--- PROVIDED DATA ---
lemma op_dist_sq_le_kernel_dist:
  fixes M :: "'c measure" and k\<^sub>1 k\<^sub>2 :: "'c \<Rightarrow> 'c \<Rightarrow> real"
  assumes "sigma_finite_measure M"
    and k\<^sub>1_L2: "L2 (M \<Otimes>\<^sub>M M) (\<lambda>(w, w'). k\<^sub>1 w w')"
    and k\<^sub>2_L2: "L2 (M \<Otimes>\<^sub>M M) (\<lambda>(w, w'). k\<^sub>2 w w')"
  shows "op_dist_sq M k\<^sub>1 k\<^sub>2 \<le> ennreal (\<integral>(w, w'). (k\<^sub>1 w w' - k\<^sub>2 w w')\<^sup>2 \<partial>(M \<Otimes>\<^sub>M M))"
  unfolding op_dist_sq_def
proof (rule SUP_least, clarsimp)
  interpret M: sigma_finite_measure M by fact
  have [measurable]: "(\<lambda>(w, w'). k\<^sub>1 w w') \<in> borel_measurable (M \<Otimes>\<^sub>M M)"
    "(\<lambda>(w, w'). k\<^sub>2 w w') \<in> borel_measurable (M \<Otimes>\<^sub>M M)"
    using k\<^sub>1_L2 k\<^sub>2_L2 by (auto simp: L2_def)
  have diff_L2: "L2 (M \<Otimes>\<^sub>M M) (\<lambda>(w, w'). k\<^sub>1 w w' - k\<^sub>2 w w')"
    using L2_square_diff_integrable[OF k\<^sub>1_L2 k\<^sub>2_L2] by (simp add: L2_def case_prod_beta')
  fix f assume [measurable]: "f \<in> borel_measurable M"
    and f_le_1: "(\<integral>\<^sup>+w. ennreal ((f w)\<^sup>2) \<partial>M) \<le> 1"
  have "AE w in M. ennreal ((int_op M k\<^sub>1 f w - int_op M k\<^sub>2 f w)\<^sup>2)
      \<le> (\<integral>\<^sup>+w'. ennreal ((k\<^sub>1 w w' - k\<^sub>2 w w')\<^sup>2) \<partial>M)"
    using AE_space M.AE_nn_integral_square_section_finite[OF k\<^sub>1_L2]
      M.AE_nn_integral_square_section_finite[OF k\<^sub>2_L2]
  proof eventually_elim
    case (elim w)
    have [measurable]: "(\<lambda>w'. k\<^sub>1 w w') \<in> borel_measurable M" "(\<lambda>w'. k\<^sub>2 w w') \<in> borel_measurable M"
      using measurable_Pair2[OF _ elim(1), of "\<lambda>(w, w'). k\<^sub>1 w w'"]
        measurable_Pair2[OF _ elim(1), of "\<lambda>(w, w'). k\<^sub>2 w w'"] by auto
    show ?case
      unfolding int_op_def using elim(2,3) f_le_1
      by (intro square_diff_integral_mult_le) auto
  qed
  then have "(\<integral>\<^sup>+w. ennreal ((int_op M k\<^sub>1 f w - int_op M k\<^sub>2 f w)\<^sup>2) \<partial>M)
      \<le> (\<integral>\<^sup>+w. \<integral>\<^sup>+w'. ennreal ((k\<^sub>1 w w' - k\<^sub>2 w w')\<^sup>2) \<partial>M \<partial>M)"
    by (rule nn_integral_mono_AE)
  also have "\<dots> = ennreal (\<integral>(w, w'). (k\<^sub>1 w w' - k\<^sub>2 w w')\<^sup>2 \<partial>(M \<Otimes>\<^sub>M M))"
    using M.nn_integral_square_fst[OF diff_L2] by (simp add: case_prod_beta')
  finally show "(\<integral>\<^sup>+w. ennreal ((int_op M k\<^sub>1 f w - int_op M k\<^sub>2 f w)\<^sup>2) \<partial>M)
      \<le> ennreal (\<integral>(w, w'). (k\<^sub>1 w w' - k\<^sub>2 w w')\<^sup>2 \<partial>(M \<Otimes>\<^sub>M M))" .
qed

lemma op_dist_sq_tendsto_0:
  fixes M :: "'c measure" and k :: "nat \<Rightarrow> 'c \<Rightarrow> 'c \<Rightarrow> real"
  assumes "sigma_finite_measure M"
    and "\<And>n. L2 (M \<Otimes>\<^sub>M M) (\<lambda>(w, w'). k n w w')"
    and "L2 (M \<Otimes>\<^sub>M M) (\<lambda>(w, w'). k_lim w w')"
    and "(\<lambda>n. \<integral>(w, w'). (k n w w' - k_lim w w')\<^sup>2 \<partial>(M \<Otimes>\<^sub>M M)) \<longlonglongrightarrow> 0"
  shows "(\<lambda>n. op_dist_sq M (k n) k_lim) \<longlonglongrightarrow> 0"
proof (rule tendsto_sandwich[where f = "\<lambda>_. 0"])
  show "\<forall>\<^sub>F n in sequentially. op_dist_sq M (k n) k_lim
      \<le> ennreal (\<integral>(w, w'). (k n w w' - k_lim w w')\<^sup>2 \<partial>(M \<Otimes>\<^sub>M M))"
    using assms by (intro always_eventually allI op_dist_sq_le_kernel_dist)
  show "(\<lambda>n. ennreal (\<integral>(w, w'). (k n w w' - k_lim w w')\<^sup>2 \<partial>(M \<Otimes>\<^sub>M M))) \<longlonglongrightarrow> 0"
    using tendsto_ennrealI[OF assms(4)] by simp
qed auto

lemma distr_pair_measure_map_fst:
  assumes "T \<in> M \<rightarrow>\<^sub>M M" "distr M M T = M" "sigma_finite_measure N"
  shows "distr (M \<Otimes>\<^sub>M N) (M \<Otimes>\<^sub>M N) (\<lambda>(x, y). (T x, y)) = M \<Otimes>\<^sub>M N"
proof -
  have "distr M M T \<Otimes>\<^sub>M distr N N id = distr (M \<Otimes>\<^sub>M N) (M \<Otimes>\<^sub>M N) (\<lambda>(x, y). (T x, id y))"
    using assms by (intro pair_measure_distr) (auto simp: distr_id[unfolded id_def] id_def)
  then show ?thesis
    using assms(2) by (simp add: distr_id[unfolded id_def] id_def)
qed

--- TASK INSTRUCTIONS ---
Reproduce every record, making sure each one stays exactly the same.

--- SOLUTION TO THE PROBLEM ---
lemma op_dist_sq_le_kernel_dist:
  fixes M :: "'c measure" and k\<^sub>1 k\<^sub>2 :: "'c \<Rightarrow> 'c \<Rightarrow> real"
  assumes "sigma_finite_measure M"
    and k\<^sub>1_L2: "L2 (M \<Otimes>\<^sub>M M) (\<lambda>(w, w'). k\<^sub>1 w w')"
    and k\<^sub>2_L2: "L2 (M \<Otimes>\<^sub>M M) (\<lambda>(w, w'). k\<^sub>2 w w')"
  shows "op_dist_sq M k\<^sub>1 k\<^sub>2 \<le> ennreal (\<integral>(w, w'). (k\<^sub>1 w w' - k\<^sub>2 w w')\<^sup>2 \<partial>(M \<Otimes>\<^sub>M M))"
  unfolding op_dist_sq_def
proof (rule SUP_least, clarsimp)
  interpret M: sigma_finite_measure M by fact
  have [measurable]: "(\<lambda>(w, w'). k\<^sub>1 w w') \<in> borel_measurable (M \<Otimes>\<^sub>M M)"
    "(\<lambda>(w, w'). k\<^sub>2 w w') \<in> borel_measurable (M \<Otimes>\<^sub>M M)"
    using k\<^sub>1_L2 k\<^sub>2_L2 by (auto simp: L2_def)
  have diff_L2: "L2 (M \<Otimes>\<^sub>M M) (\<lambda>(w, w'). k\<^sub>1 w w' - k\<^sub>2 w w')"
    using L2_square_diff_integrable[OF k\<^sub>1_L2 k\<^sub>2_L2] by (simp add: L2_def case_prod_beta')
  fix f assume [measurable]: "f \<in> borel_measurable M"
    and f_le_1: "(\<integral>\<^sup>+w. ennreal ((f w)\<^sup>2) \<partial>M) \<le> 1"
  have "AE w in M. ennreal ((int_op M k\<^sub>1 f w - int_op M k\<^sub>2 f w)\<^sup>2)
      \<le> (\<integral>\<^sup>+w'. ennreal ((k\<^sub>1 w w' - k\<^sub>2 w w')\<^sup>2) \<partial>M)"
    using AE_space M.AE_nn_integral_square_section_finite[OF k\<^sub>1_L2]
      M.AE_nn_integral_square_section_finite[OF k\<^sub>2_L2]
  proof eventually_elim
    case (elim w)
    have [measurable]: "(\<lambda>w'. k\<^sub>1 w w') \<in> borel_measurable M" "(\<lambda>w'. k\<^sub>2 w w') \<in> borel_measurable M"
      using measurable_Pair2[OF _ elim(1), of "\<lambda>(w, w'). k\<^sub>1 w w'"]
        measurable_Pair2[OF _ elim(1), of "\<lambda>(w, w'). k\<^sub>2 w w'"] by auto
    show ?case
      unfolding int_op_def using elim(2,3) f_le_1
      by (intro square_diff_integral_mult_le) auto
  qed
  then have "(\<integral>\<^sup>+w. ennreal ((int_op M k\<^sub>1 f w - int_op M k\<^sub>2 f w)\<^sup>2) \<partial>M)
      \<le> (\<integral>\<^sup>+w. \<integral>\<^sup>+w'. ennreal ((k\<^sub>1 w w' - k\<^sub>2 w w')\<^sup>2) \<partial>M \<partial>M)"
    by (rule nn_integral_mono_AE)
  also have "\<dots> = ennreal (\<integral>(w, w'). (k\<^sub>1 w w' - k\<^sub>2 w w')\<^sup>2 \<partial>(M \<Otimes>\<^sub>M M))"
    using M.nn_integral_square_fst[OF diff_L2] by (simp add: case_prod_beta')
  finally show "(\<integral>\<^sup>+w. ennreal ((int_op M k\<^sub>1 f w - int_op M k\<^sub>2 f w)\<^sup>2) \<partial>M)
      \<le> ennreal (\<integral>(w, w'). (k\<^sub>1 w w' - k\<^sub>2 w w')\<^sup>2 \<partial>(M \<Otimes>\<^sub>M M))" .
qed

lemma op_dist_sq_tendsto_0:
  fixes M :: "'c measure" and k :: "nat \<Rightarrow> 'c \<Rightarrow> 'c \<Rightarrow> real"
  assumes "sigma_finite_measure M"
    and "\<And>n. L2 (M \<Otimes>\<^sub>M M) (\<lambda>(w, w'). k n w w')"
    and "L2 (M \<Otimes>\<^sub>M M) (\<lambda>(w, w'). k_lim w w')"
    and "(\<lambda>n. \<integral>(w, w'). (k n w w' - k_lim w w')\<^sup>2 \<partial>(M \<Otimes>\<^sub>M M)) \<longlonglongrightarrow> 0"
  shows "(\<lambda>n. op_dist_sq M (k n) k_lim) \<longlonglongrightarrow> 0"
proof (rule tendsto_sandwich[where f = "\<lambda>_. 0"])
  show "\<forall>\<^sub>F n in sequentially. op_dist_sq M (k n) k_lim
      \<le> ennreal (\<integral>(w, w'). (k n w w' - k_lim w w')\<^sup>2 \<partial>(M \<Otimes>\<^sub>M M))"
    using assms by (intro always_eventually allI op_dist_sq_le_kernel_dist)
  show "(\<lambda>n. ennreal (\<integral>(w, w'). (k n w w' - k_lim w w')\<^sup>2 \<partial>(M \<Otimes>\<^sub>M M))) \<longlonglongrightarrow> 0"
    using tendsto_ennrealI[OF assms(4)] by simp
qed auto

lemma distr_pair_measure_map_fst:
  assumes "T \<in> M \<rightarrow>\<^sub>M M" "distr M M T = M" "sigma_finite_measure N"
  shows "distr (M \<Otimes>\<^sub>M N) (M \<Otimes>\<^sub>M N) (\<lambda>(x, y). (T x, y)) = M \<Otimes>\<^sub>M N"
proof -
  have "distr M M T \<Otimes>\<^sub>M distr N N id = distr (M \<Otimes>\<^sub>M N) (M \<Otimes>\<^sub>M N) (\<lambda>(x, y). (T x, id y))"
    using assms by (intro pair_measure_distr) (auto simp: distr_id[unfolded id_def] id_def)
  then show ?thesis
    using assms(2) by (simp add: distr_id[unfolded id_def] id_def)
qed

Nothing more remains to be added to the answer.